Start of GIVEN RECORDS

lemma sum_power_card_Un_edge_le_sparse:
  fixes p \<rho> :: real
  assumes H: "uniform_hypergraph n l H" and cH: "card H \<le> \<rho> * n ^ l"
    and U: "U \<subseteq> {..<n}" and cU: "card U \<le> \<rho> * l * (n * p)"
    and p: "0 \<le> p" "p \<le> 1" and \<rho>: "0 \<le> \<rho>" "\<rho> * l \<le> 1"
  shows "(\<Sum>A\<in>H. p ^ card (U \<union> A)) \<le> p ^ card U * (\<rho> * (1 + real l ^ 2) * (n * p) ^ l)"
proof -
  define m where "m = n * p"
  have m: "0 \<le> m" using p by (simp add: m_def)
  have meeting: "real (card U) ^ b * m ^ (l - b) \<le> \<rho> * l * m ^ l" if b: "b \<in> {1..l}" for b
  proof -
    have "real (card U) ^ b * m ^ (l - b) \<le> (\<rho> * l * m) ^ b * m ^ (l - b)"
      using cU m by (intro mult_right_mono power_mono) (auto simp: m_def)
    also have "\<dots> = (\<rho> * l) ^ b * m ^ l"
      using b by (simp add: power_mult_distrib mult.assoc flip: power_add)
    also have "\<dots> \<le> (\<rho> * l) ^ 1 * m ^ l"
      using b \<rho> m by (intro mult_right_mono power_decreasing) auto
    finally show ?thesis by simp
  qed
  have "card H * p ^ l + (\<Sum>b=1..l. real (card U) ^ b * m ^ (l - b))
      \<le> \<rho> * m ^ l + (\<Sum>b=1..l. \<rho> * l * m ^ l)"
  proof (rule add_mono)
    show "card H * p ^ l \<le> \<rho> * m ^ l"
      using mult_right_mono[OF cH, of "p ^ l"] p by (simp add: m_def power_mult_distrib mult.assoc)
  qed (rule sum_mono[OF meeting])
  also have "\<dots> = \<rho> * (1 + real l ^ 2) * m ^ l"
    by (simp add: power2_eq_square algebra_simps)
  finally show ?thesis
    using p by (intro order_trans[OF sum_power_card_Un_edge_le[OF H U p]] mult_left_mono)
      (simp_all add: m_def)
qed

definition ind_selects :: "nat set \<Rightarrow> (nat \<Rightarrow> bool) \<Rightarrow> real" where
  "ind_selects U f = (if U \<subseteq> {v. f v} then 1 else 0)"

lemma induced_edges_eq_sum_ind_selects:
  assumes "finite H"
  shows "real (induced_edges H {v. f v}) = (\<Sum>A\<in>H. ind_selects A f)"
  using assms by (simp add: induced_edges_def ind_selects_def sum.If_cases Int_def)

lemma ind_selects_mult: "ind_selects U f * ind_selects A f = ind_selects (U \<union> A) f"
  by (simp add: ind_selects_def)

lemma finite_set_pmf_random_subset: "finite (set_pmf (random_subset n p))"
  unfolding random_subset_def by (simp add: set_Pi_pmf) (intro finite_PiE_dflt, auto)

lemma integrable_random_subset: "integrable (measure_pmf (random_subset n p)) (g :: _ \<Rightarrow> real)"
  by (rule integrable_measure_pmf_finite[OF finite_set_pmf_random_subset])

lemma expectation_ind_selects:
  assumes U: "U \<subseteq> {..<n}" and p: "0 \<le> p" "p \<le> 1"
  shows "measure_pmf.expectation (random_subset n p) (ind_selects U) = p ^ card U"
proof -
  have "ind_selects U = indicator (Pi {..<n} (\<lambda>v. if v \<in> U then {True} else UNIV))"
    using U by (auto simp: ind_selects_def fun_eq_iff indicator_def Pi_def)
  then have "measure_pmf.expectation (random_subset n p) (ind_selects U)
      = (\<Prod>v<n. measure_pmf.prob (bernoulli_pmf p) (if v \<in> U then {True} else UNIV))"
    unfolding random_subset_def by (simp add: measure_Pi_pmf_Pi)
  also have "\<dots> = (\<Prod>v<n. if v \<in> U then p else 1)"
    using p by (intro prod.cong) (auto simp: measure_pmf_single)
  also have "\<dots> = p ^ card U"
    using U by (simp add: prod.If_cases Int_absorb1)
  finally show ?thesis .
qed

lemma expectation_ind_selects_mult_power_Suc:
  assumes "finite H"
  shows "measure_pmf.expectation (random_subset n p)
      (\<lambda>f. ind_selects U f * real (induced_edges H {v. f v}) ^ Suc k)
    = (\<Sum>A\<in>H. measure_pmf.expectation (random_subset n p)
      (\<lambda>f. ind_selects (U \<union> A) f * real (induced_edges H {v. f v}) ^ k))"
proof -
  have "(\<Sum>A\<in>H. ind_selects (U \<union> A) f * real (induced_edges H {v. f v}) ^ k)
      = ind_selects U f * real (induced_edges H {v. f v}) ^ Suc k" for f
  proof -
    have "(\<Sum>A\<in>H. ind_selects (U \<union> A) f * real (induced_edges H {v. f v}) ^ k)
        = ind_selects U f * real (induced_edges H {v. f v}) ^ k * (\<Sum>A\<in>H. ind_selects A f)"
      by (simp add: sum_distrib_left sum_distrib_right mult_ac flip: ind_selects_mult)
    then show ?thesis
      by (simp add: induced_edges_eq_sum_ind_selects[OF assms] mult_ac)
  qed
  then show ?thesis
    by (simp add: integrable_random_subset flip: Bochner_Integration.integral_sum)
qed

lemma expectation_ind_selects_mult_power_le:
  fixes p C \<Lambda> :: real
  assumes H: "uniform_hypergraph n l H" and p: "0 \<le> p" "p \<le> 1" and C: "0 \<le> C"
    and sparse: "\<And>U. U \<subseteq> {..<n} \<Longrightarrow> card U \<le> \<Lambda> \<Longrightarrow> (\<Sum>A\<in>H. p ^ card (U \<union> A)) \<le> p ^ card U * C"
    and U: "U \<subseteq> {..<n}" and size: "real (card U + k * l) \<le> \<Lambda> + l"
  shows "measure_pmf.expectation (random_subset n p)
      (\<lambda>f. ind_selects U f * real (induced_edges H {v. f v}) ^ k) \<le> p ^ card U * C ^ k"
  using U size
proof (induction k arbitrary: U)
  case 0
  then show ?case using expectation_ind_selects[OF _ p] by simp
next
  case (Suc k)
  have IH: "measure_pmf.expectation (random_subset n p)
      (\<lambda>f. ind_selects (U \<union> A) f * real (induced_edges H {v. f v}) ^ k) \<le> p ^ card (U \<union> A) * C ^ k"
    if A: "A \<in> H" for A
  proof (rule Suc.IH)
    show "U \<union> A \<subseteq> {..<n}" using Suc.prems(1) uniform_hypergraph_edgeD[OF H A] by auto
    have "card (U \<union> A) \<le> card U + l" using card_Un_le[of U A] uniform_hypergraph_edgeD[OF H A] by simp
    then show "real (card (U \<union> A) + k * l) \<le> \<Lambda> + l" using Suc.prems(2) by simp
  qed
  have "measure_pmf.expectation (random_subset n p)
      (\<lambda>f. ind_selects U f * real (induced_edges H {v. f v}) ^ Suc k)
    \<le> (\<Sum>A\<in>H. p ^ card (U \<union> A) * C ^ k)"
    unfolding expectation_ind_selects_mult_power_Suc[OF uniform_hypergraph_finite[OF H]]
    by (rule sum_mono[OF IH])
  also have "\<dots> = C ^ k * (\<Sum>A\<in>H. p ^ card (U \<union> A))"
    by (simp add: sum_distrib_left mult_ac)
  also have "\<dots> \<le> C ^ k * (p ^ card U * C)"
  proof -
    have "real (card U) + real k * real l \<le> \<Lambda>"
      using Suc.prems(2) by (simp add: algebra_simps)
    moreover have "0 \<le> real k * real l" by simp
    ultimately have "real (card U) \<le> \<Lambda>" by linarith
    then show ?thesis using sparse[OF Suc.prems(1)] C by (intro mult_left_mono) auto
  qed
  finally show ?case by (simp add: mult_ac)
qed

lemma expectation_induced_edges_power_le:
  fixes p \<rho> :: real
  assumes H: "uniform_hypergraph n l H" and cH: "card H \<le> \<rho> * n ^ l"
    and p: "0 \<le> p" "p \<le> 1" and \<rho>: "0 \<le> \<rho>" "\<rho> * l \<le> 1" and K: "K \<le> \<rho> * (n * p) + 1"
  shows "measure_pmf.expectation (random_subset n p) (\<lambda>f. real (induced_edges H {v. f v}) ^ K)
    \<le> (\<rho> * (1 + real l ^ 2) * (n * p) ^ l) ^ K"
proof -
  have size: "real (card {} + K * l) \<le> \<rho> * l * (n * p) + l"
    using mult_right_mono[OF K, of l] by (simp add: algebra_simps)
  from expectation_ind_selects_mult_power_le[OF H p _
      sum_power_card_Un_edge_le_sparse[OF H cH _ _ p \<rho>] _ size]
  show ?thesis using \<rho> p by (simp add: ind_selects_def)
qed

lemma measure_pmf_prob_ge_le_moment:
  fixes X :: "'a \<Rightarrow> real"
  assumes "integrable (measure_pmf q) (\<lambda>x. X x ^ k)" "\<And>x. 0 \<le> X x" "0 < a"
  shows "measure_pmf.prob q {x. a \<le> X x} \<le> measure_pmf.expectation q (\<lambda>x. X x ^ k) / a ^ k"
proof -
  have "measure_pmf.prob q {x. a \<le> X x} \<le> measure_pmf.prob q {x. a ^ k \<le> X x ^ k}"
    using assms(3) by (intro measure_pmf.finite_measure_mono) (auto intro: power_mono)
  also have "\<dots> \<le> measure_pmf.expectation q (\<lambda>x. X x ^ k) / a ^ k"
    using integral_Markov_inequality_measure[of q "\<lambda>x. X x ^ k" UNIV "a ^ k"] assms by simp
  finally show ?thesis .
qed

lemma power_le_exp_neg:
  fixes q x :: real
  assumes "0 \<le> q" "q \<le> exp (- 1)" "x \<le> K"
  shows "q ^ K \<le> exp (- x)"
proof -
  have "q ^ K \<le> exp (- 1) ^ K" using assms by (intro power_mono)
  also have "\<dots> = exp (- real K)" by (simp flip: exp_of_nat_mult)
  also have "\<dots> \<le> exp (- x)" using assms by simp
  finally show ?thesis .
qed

End of GIVEN RECORDS

Within the data above, how many lines contain the word "fixes"? Write only the number.

RESULT FOR THIS TASK: 5